Database Issues
Incident Report for Keen
Resolved
All service has been fully restored.

Impact:
Clients experienced elevated (single-digit) error rates from 05:00PST to 06:40PST for both data collection and analysis. During a 9-minute window from 05:35PST to 05:44PST error rates spiked as a patch was applied to one of our database clusters. After the patch was applied, error rates dropped effectively to 0, and service was restored.

Cause:
The errors originated from a database cluster that we now use mainly to store metadata. This cluster became stuck in a loop of electing then re-electing a primary replica node. We were able to pin down this behavior to a known bug for which there was a fix in a future version.

We sincerely apologize for the inconvenience this incident has caused. We understand the reliability you expect from our service and the trust you place in us. We will do better.

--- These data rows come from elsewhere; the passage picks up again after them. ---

(* Let $d\ge2$, let $\mathcal{F}$ be a finite constraint family, and let $\phi$ be a $\mathrm{SAT}(\mathcal{F})$ formula on variables $x_1,\dots,x_n$. Let $F_d$ be the set of all assignments of weight at most $d$ that violate some constraint of $\phi$. Define $$\phi_d=\bigwedge_{a\in F_d}\mathrm{NAND}(\mathrm{ones}(a)),$$ where $\mathrm{NAND}(\mathrm{ones}(a))$ is the constraint that not all variables in $\mathrm{ones}(a)$ are $1$. Then the following hold. (P1) If $\mathcal{F}$ avoids $\mathrm{NAND}_{d+1}$, then every satisfying assignment of $\phi_d$ is a satisfying assignment of $\phi$. (P2) If $a$ is a $d$-robust satisfying assignment of $\phi$, then $a$ satisfies $\phi_d$.
   Context: A $\mathrm{SAT}(\mathcal{F})$ formula is a conjunction of constraints $f(x_{i_1},\dots,x_{i_r})$ with $f\in\mathcal{F}$ and $i_j\in[n]$ not necessarily distinct. For an assignment $a:[n]\to\{0,1\}$, its weight is $\sum_i a(i)$, and $\mathrm{ones}(a)=\{x_i: a(i)=1\}$. We write $a'\le a$ if $a'(i)\le a(i)$ for all $i$. A weight-$k$ assignment $a$ satisfying $\phi$ is $d$-robust if no assignment $a'\le a$ of weight at most $d$ violates $\phi$. $\mathrm{NAND}_{d+1}(y_1,\dots,y_{d+1})=\overline{y_1\wedge\cdots\wedge y_{d+1}}$. $\mathcal{F}$ avoids $\mathrm{NAND}_{d+1}$ if no $f\in\mathcal{F}$ has it as a restriction. A restriction of $f:\{0,1\}^r\to\{0,1\}$ is obtained by choosing pairwise disjoint, possibly empty, sets $X_1,\dots,X_s,Z_0,Z_1$ with union $[r]$, and substituting the new argument $x_j$ at the positions in $X_j$, $0$ at the positions in $Z_0$, and $1$ at the positions in $Z_1$. *)

theory Defs
  imports Main
begin

(* A constraint (Boolean function) f : {0,1}^r -> {0,1} is a pair (r, f);
   Booleans encode {0,1} (True = 1); f is only consulted on lists of length r. *)
type_synonym constr = "nat \<times> (bool list \<Rightarrow> bool)"

(* A SAT(F) formula: a list of constraint applications f(x_{i_1},...,x_{i_r}),
   variables x_1..x_n are indexed by 0..n-1. *)
type_synonym formula = "(constr \<times> nat list) list"

definition wf_formula :: "constr set \<Rightarrow> nat \<Rightarrow> formula \<Rightarrow> bool" where
  "wf_formula F n \<phi> = (\<forall>((r, f), idx) \<in> set \<phi>. (r, f) \<in> F \<and> length idx = r \<and> set idx \<subseteq> {..<n})"

definition assignment :: "nat \<Rightarrow> (nat \<Rightarrow> bool) \<Rightarrow> bool" where
  "assignment n a = (\<forall>i. n \<le> i \<longrightarrow> \<not> a i)"

definition ones :: "nat \<Rightarrow> (nat \<Rightarrow> bool) \<Rightarrow> nat set" where
  "ones n a = {i. i < n \<and> a i}"

definition weight :: "nat \<Rightarrow> (nat \<Rightarrow> bool) \<Rightarrow> nat" where
  "weight n a = card (ones n a)"

definition le_assign :: "(nat \<Rightarrow> bool) \<Rightarrow> (nat \<Rightarrow> bool) \<Rightarrow> bool" where
  "le_assign a' a = (\<forall>i. a' i \<longrightarrow> a i)"

definition sat_constraint :: "(nat \<Rightarrow> bool) \<Rightarrow> constr \<times> nat list \<Rightarrow> bool" where
  "sat_constraint a c = (case c of ((r, f), idx) \<Rightarrow> f (map a idx))"

definition satisfies :: "(nat \<Rightarrow> bool) \<Rightarrow> formula \<Rightarrow> bool" where
  "satisfies a \<phi> = (\<forall>c \<in> set \<phi>. sat_constraint a c)"

definition robust :: "nat \<Rightarrow> nat \<Rightarrow> formula \<Rightarrow> (nat \<Rightarrow> bool) \<Rightarrow> bool" where
  "robust n d \<phi> a = (satisfies a \<phi> \<and>
     (\<forall>a'. assignment n a' \<and> le_assign a' a \<and> weight n a' \<le> d \<longrightarrow> satisfies a' \<phi>))"

definition Fd :: "nat \<Rightarrow> nat \<Rightarrow> formula \<Rightarrow> (nat \<Rightarrow> bool) set" where
  "Fd n d \<phi> = {a. assignment n a \<and> weight n a \<le> d \<and> \<not> satisfies a \<phi>}"

definition nand_sat :: "(nat \<Rightarrow> bool) \<Rightarrow> nat set \<Rightarrow> bool" where
  "nand_sat a S = (\<not> (\<forall>i \<in> S. a i))"

(* phi_d = conjunction of NAND(ones(a)) over a in F_d, represented by its set of NAND scopes *)
definition phi_d :: "nat \<Rightarrow> nat \<Rightarrow> formula \<Rightarrow> nat set set" where
  "phi_d n d \<phi> = ones n ` Fd n d \<phi>"

definition satisfies_nands :: "(nat \<Rightarrow> bool) \<Rightarrow> nat set set \<Rightarrow> bool" where
  "satisfies_nands a \<psi> = (\<forall>S \<in> \<psi>. nand_sat a S)"

definition NAND :: "nat \<Rightarrow> constr" where
  "NAND m = (m, \<lambda>ys. \<not> (\<forall>y \<in> set ys. y))"

(* (s,g) is a restriction of (r,f): each position p < r is mapped either to a new
   argument x_j (Inl j, j < s) or to a constant (Inr c); this encodes the pairwise
   disjoint sets X_1..X_s, Z_0, Z_1 covering [r]. *)
definition is_restriction :: "constr \<Rightarrow> constr \<Rightarrow> bool" where
  "is_restriction c g = (case c of (r, f) \<Rightarrow> case g of (s, h) \<Rightarrow>
     (\<exists>\<sigma> :: nat \<Rightarrow> nat + bool.
        (\<forall>p < r. case \<sigma> p of Inl j \<Rightarrow> j < s | Inr _ \<Rightarrow> True) \<and>
        (\<forall>ys. length ys = s \<longrightarrow>
           h ys = f (map (\<lambda>p. case \<sigma> p of Inl j \<Rightarrow> ys ! j | Inr b \<Rightarrow> b) [0..<r]))))"

definition avoids :: "constr set \<Rightarrow> constr \<Rightarrow> bool" where
  "avoids F g = (\<not> (\<exists>c \<in> F. is_restriction c g))"

end

(* If a violates a constraint C of phi, shrink ones(a) restricted to the scope of C to an
   inclusion-minimal set T whose indicator still violates C. If |T| <= d, the indicator of T
   lies in F_d, so phi_d contains NAND(T), which a violates. If |T| > d, fix the variables
   outside T to 0 and identify those of T with d + 1 new arguments via a surjection T -> [d+1]:
   by minimality the resulting restriction of C is false exactly when all new arguments are 1,
   i.e. it is NAND_{d+1}. Part (P2) is immediate: an a' <= a of weight at most d violating phi
   would be exactly a witness against d-robustness. *)
theory Submission
  imports Defs
begin

lemma finite_minimal_subset:
  assumes "finite A" and "P A"
  shows "\<exists>T \<subseteq> A. P T \<and> (\<forall>T' \<subset> T. \<not> P T')"
  using assms
proof (induction A rule: finite_psubset_induct)
  case (psubset A)
  show ?case
  proof (cases "\<exists>T' \<subset> A. P T'")
    case True
    then obtain T' where "T' \<subset> A" and "P T'" by blast
    with psubset.IH show ?thesis by (meson psubset_imp_subset subset_trans)
  next
    case False
    with psubset.prems show ?thesis by blast
  qed
qed

lemma ex_surj_on_lessThan:
  assumes "finite T" and "0 < m" and "m \<le> card T"
  obtains g :: "'a \<Rightarrow> nat" where "g ` T = {..<m}"
proof -
  obtain h where h: "bij_betw h T {0..<card T}"
    using ex_bij_betw_finite_nat[OF assms(1)] by blast
  have "(\<lambda>i. min (h i) (m - 1)) ` T = {..<m}"
  proof
    show "(\<lambda>i. min (h i) (m - 1)) ` T \<subseteq> {..<m}"
      using assms(2) by auto
    show "{..<m} \<subseteq> (\<lambda>i. min (h i) (m - 1)) ` T"
    proof
      fix j assume "j \<in> {..<m}"
      with assms(3) have "j \<in> h ` T"
        using bij_betw_imp_surj_on[OF h] by auto
      then obtain i where "i \<in> T" and "h i = j" by blast
      with \<open>j \<in> {..<m}\<close> show "j \<in> (\<lambda>i. min (h i) (m - 1)) ` T" by force
    qed
  qed
  then show thesis by (rule that)
qed

lemma is_restriction_of_variable_map:
  fixes \<tau> :: "nat \<Rightarrow> nat + bool"
  assumes "length idx = r"
    and "\<forall>i \<in> set idx. case \<tau> i of Inl j \<Rightarrow> j < s | Inr _ \<Rightarrow> True"
    and "\<forall>ys. length ys = s \<longrightarrow>
           h ys = f (map (\<lambda>i. case \<tau> i of Inl j \<Rightarrow> ys ! j | Inr b \<Rightarrow> b) idx)"
  shows "is_restriction (r, f) (s, h)"
  unfolding is_restriction_def prod.case
proof (intro exI[of _ "\<lambda>p. \<tau> (idx ! p)"] conjI allI impI)
  fix p assume "p < r"
  with assms(1,2) show "case \<tau> (idx ! p) of Inl j \<Rightarrow> j < s | Inr _ \<Rightarrow> True"
    by (simp add: nth_mem)
next
  fix ys :: "bool list" assume "length ys = s"
  have "map (\<lambda>p. case \<tau> (idx ! p) of Inl j \<Rightarrow> ys ! j | Inr b \<Rightarrow> b) [0..<r]
      = map (\<lambda>i. case \<tau> i of Inl j \<Rightarrow> ys ! j | Inr b \<Rightarrow> b) (map ((!) idx) [0..<length idx])"
    using assms(1) by simp
  also have "\<dots> = map (\<lambda>i. case \<tau> i of Inl j \<Rightarrow> ys ! j | Inr b \<Rightarrow> b) idx"
    by (simp only: map_nth)
  finally show "h ys = f (map (\<lambda>p. case \<tau> (idx ! p) of Inl j \<Rightarrow> ys ! j | Inr b \<Rightarrow> b) [0..<r])"
    using assms(3) \<open>length ys = s\<close> by simp
qed

lemma is_restriction_NAND_of_minimal_violation:
  fixes T :: "nat set"
  assumes "length idx = r" and "finite T" and "0 < m" and "m \<le> card T"
    and violated: "\<not> f (map (\<lambda>i. i \<in> T) idx)"
    and minimal: "\<And>T'. T' \<subset> T \<Longrightarrow> f (map (\<lambda>i. i \<in> T') idx)"
  shows "is_restriction (r, f) (NAND m)"
proof -
  obtain g :: "nat \<Rightarrow> nat" where g: "g ` T = {..<m}"
    using ex_surj_on_lessThan[OF assms(2-4)] .
  define \<tau> where "\<tau> i = (if i \<in> T then Inl (g i) else Inr False)" for i
  have restricted_is_NAND: "(\<not> (\<forall>y \<in> set ys. y)) = f (map (\<lambda>i. i \<in> {i \<in> T. ys ! g i}) idx)"
    if "length ys = m" for ys :: "bool list"
  proof (cases "\<forall>y \<in> set ys. y")
    case True
    with g that have "{i \<in> T. ys ! g i} = T" by (auto simp: all_set_conv_all_nth)
    with True violated show ?thesis by simp
  next
    case False
    with that obtain j where "j < m" and "\<not> ys ! j" by (auto simp: in_set_conv_nth)
    with g obtain i where "i \<in> T" and "\<not> ys ! g i" by (metis imageE lessThan_iff)
    then have "{i \<in> T. ys ! g i} \<subset> T" by blast
    with False minimal show ?thesis by blast
  qed
  show ?thesis
    unfolding NAND_def
  proof (rule is_restriction_of_variable_map[where \<tau> = \<tau>])
    show "\<forall>i \<in> set idx. case \<tau> i of Inl j \<Rightarrow> j < m | Inr _ \<Rightarrow> True"
      using g by (auto simp: \<tau>_def)
    show "\<forall>ys. length ys = m \<longrightarrow> (\<not> (\<forall>y \<in> set ys. y))
            = f (map (\<lambda>i. case \<tau> i of Inl j \<Rightarrow> ys ! j | Inr b \<Rightarrow> b) idx)"
      using restricted_is_NAND by (auto simp: \<tau>_def intro!: arg_cong[where f = f])
  qed fact
qed

lemma assignment_indicator: "T \<subseteq> {..<n} \<Longrightarrow> assignment n (\<lambda>i. i \<in> T)"
  unfolding assignment_def by auto

lemma ones_indicator: "T \<subseteq> {..<n} \<Longrightarrow> ones n (\<lambda>i. i \<in> T) = T"
  unfolding ones_def by auto

lemma mem_phi_d_if_indicator_violates:
  assumes "T \<subseteq> {..<n}" and "card T \<le> d" and "\<not> satisfies (\<lambda>i. i \<in> T) \<phi>"
  shows "T \<in> phi_d n d \<phi>"
proof -
  have "(\<lambda>i. i \<in> T) \<in> Fd n d \<phi>"
    using assms by (simp add: Fd_def weight_def assignment_indicator ones_indicator)
  then show ?thesis
    unfolding phi_d_def using ones_indicator[OF assms(1)] by (metis image_eqI)
qed

theorem satisfies_if_satisfies_phi_d:
  assumes wf: "wf_formula F n \<phi>" and avoids: "avoids F (NAND (d + 1))"
    and nands: "satisfies_nands a (phi_d n d \<phi>)"
  shows "satisfies a \<phi>"
  unfolding satisfies_def
proof (rule ballI, rule ccontr)
  fix c assume "c \<in> set \<phi>" and "\<not> sat_constraint a c"
  then obtain r f idx where c: "c = ((r, f), idx)" and "\<not> f (map a idx)"
    by (auto simp: sat_constraint_def split: prod.splits)
  from wf \<open>c \<in> set \<phi>\<close> have "(r, f) \<in> F" and "length idx = r" and scope: "set idx \<subseteq> {..<n}"
    by (auto simp: wf_formula_def c)
  let ?A = "ones n a \<inter> set idx"
  have "map (\<lambda>i. i \<in> ?A) idx = map a idx"
    using scope by (auto simp: ones_def)
  with \<open>\<not> f (map a idx)\<close> obtain T where "T \<subseteq> ?A" and violated: "\<not> f (map (\<lambda>i. i \<in> T) idx)"
      and minimal: "\<forall>T' \<subset> T. f (map (\<lambda>i. i \<in> T') idx)"
    using finite_minimal_subset[of ?A "\<lambda>T. \<not> f (map (\<lambda>i. i \<in> T) idx)"] by (metis finite_Int finite_set)
  have "T \<subseteq> {..<n}" and "finite T" and ones_a: "\<forall>i \<in> T. a i"
    using \<open>T \<subseteq> ?A\<close> scope finite_subset by (auto simp: ones_def)
  show False
  proof (cases "card T \<le> d")
    case True
    have "\<not> sat_constraint (\<lambda>i. i \<in> T) c"
      using violated by (simp add: sat_constraint_def c)
    with \<open>c \<in> set \<phi>\<close> have "\<not> satisfies (\<lambda>i. i \<in> T) \<phi>"
      by (auto simp: satisfies_def)
    then have "T \<in> phi_d n d \<phi>"
      using mem_phi_d_if_indicator_violates \<open>T \<subseteq> {..<n}\<close> True by blast
    with nands ones_a show False
      by (auto simp: satisfies_nands_def nand_sat_def)
  next
    case False
    have "is_restriction (r, f) (NAND (d + 1))"
      by (rule is_restriction_NAND_of_minimal_violation[where T = T])
        (use \<open>length idx = r\<close> \<open>finite T\<close> False violated minimal in auto)
    with avoids \<open>(r, f) \<in> F\<close> show False by (auto simp: avoids_def)
  qed
qed

theorem satisfies_phi_d_if_robust:
  assumes "robust n d \<phi> a"
  shows "satisfies_nands a (phi_d n d \<phi>)"
  unfolding satisfies_nands_def phi_d_def
proof (rule ballI, rule ccontr)
  fix S assume "S \<in> ones n ` Fd n d \<phi>" and "\<not> nand_sat a S"
  then obtain b where b: "b \<in> Fd n d \<phi>" and "\<forall>i \<in> ones n b. a i"
    by (auto simp: nand_sat_def)
  moreover have "b i \<Longrightarrow> i < n" for i
    using b by (auto simp: Fd_def assignment_def not_le[symmetric])
  ultimately have "le_assign b a"
    by (auto simp: le_assign_def ones_def)
  with assms b show False
    by (auto simp: robust_def Fd_def)
qed

theorem mainTheorem7:
  fixes F :: "constr set" and \<phi> :: formula and n d :: nat
  assumes "d \<ge> 2" and "finite F" and "wf_formula F n \<phi>"
  shows "(avoids F (NAND (d + 1)) \<longrightarrow>
            (\<forall>a. assignment n a \<and> satisfies_nands a (phi_d n d \<phi>) \<longrightarrow> satisfies a \<phi>))
       \<and> (\<forall>a. assignment n a \<and> robust n d \<phi> a \<longrightarrow> satisfies_nands a (phi_d n d \<phi>))"
  using satisfies_if_satisfies_phi_d[OF assms(3)] satisfies_phi_d_if_robust by blast

end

A more detailed RCA (root cause analysis) will follow once that analysis is complete.

-Josh
Posted Jan 08, 2014 - 09:09 PST
Monitoring
Data collection and data querying have been restored. We were able to isolate the incident, and are rolling out patches now to bring all database nodes in sync.
-Josh
Posted Jan 08, 2014 - 07:04 PST
Investigating
One of our databases is currently experiencing issues. This is causing errors in both data collection and data querying for some users. Will update when we know more.

-Ryan
Posted Jan 08, 2014 - 05:14 PST
This incident affected: Stream API and Compute API.